● **Exercise**
Two lines in the data below mark the range: the one with "set) \<Rightarrow> 'e set \<Rightarrow>" and the one with "num_components (V - S)". Return both, along with every line between them, exactly.

** Extracted entries follows **

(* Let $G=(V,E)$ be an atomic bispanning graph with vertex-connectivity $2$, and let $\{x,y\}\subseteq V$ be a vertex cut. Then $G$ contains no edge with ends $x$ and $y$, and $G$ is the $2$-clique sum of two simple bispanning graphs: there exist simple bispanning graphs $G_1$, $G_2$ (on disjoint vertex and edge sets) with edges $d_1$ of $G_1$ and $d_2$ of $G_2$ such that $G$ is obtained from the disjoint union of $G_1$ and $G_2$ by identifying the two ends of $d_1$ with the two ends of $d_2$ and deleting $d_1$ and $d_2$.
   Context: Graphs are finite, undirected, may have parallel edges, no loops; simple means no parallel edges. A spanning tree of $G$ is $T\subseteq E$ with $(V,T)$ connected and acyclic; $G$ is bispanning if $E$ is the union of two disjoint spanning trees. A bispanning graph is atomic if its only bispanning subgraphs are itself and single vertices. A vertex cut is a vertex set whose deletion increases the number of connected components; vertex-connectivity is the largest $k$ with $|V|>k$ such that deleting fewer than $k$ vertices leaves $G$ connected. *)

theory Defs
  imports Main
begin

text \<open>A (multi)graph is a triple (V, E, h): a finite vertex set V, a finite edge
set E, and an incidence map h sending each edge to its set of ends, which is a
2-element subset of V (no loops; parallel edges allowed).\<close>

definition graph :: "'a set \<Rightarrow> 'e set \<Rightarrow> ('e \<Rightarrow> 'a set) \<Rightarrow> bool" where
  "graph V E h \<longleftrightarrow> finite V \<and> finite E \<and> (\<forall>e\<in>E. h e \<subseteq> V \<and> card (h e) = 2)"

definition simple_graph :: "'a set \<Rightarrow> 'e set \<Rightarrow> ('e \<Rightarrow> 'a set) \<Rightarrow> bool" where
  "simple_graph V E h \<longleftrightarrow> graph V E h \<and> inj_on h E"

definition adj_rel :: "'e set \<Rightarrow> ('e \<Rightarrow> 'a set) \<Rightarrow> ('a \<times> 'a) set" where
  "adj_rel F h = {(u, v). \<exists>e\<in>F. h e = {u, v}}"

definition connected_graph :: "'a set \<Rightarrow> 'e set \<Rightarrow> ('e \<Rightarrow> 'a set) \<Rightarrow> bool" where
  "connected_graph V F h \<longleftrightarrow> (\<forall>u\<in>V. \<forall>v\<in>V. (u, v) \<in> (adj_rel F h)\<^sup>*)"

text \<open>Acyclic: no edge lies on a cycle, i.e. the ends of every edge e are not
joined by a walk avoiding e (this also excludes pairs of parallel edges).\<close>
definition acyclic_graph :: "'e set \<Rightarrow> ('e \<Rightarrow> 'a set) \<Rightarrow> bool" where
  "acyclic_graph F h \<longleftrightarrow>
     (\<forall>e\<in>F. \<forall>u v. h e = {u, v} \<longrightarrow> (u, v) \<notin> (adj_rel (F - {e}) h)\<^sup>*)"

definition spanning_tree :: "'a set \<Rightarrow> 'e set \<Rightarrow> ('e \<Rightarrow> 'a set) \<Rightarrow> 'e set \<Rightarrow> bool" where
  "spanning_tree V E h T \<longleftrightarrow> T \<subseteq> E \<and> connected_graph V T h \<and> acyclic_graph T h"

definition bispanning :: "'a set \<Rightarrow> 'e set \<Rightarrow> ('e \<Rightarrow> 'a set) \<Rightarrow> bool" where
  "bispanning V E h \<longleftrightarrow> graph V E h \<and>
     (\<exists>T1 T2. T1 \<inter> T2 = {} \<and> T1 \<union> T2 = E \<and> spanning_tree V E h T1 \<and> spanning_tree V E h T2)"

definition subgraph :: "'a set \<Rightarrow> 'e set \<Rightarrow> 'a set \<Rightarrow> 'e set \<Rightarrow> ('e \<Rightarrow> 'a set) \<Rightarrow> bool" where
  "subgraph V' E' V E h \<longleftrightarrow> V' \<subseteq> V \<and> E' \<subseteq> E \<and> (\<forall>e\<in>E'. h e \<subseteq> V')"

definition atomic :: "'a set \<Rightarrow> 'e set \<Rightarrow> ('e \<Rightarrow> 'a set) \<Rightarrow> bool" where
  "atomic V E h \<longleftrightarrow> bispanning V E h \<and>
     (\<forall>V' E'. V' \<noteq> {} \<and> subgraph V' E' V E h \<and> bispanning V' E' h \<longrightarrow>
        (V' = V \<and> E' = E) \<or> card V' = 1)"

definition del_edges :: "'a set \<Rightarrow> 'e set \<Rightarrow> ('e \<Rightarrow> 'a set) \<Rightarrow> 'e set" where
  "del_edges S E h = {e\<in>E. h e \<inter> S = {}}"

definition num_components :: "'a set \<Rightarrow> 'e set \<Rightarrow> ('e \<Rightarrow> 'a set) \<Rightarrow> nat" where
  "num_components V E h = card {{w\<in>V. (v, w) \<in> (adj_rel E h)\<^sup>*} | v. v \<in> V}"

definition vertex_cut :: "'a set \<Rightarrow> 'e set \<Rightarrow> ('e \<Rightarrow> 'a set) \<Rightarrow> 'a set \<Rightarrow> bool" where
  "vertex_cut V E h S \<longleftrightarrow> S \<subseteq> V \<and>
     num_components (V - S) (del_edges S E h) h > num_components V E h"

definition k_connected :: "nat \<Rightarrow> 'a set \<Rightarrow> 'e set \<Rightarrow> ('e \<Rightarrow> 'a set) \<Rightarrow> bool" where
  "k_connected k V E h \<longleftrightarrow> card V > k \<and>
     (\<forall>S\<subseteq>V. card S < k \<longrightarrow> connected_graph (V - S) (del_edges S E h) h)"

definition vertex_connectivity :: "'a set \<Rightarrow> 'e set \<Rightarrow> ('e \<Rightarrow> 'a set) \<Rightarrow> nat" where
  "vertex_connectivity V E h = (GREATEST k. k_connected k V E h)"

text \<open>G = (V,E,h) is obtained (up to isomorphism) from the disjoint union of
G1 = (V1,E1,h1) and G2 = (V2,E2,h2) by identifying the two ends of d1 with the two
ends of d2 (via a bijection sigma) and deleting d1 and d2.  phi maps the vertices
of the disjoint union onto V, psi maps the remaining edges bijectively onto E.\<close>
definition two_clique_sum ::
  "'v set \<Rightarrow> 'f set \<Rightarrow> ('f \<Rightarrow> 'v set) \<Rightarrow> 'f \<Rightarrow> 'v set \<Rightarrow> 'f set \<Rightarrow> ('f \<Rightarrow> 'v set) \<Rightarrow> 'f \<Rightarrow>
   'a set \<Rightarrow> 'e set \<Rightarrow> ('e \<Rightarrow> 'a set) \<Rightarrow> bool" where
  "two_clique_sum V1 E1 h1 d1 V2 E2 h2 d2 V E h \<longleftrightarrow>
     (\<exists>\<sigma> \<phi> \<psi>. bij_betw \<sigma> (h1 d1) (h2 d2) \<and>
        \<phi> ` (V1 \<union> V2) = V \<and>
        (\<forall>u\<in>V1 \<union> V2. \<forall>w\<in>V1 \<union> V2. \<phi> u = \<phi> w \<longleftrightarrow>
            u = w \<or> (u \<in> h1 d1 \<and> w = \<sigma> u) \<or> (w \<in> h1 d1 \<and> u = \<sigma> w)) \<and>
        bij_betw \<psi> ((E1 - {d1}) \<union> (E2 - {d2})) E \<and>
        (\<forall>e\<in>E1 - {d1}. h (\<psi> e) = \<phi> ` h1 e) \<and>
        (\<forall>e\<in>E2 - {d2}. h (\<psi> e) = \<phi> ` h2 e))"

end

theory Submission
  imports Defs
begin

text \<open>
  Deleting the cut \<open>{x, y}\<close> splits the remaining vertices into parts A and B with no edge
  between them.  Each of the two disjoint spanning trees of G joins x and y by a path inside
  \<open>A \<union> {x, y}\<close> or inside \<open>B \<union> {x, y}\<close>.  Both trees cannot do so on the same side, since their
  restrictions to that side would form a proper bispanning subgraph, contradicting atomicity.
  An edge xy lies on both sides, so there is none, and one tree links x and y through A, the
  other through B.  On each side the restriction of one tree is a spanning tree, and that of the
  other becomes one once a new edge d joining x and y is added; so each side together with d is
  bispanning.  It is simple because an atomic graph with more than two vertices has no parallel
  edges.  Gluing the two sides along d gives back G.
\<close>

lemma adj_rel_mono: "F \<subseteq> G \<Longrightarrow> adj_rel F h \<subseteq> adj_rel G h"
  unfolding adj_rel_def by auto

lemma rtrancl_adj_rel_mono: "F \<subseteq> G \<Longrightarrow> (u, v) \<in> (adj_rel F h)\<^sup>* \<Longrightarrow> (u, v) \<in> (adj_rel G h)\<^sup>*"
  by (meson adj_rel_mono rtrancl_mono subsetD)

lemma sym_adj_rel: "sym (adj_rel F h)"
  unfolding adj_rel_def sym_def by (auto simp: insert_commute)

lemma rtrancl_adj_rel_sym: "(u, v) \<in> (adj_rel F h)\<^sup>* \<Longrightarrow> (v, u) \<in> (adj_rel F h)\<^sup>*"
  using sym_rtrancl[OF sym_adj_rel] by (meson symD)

** End of Extracted entries **

● **Task answer**
definition spanning_tree :: "'a set \<Rightarrow> 'e set \<Rightarrow> ('e \<Rightarrow> 'a set) \<Rightarrow> 'e set \<Rightarrow> bool" where
  "spanning_tree V E h T \<longleftrightarrow> T \<subseteq> E \<and> connected_graph V T h \<and> acyclic_graph T h"

definition bispanning :: "'a set \<Rightarrow> 'e set \<Rightarrow> ('e \<Rightarrow> 'a set) \<Rightarrow> bool" where
  "bispanning V E h \<longleftrightarrow> graph V E h \<and>
     (\<exists>T1 T2. T1 \<inter> T2 = {} \<and> T1 \<union> T2 = E \<and> spanning_tree V E h T1 \<and> spanning_tree V E h T2)"

definition subgraph :: "'a set \<Rightarrow> 'e set \<Rightarrow> 'a set \<Rightarrow> 'e set \<Rightarrow> ('e \<Rightarrow> 'a set) \<Rightarrow> bool" where
  "subgraph V' E' V E h \<longleftrightarrow> V' \<subseteq> V \<and> E' \<subseteq> E \<and> (\<forall>e\<in>E'. h e \<subseteq> V')"

definition atomic :: "'a set \<Rightarrow> 'e set \<Rightarrow> ('e \<Rightarrow> 'a set) \<Rightarrow> bool" where
  "atomic V E h \<longleftrightarrow> bispanning V E h \<and>
     (\<forall>V' E'. V' \<noteq> {} \<and> subgraph V' E' V E h \<and> bispanning V' E' h \<longrightarrow>
        (V' = V \<and> E' = E) \<or> card V' = 1)"

definition del_edges :: "'a set \<Rightarrow> 'e set \<Rightarrow> ('e \<Rightarrow> 'a set) \<Rightarrow> 'e set" where
  "del_edges S E h = {e\<in>E. h e \<inter> S = {}}"

definition num_components :: "'a set \<Rightarrow> 'e set \<Rightarrow> ('e \<Rightarrow> 'a set) \<Rightarrow> nat" where
  "num_components V E h = card {{w\<in>V. (v, w) \<in> (adj_rel E h)\<^sup>*} | v. v \<in> V}"

definition vertex_cut :: "'a set \<Rightarrow> 'e set \<Rightarrow> ('e \<Rightarrow> 'a set) \<Rightarrow> 'a set \<Rightarrow> bool" where
  "vertex_cut V E h S \<longleftrightarrow> S \<subseteq> V \<and>
     num_components (V - S) (del_edges S E h) h > num_components V E h"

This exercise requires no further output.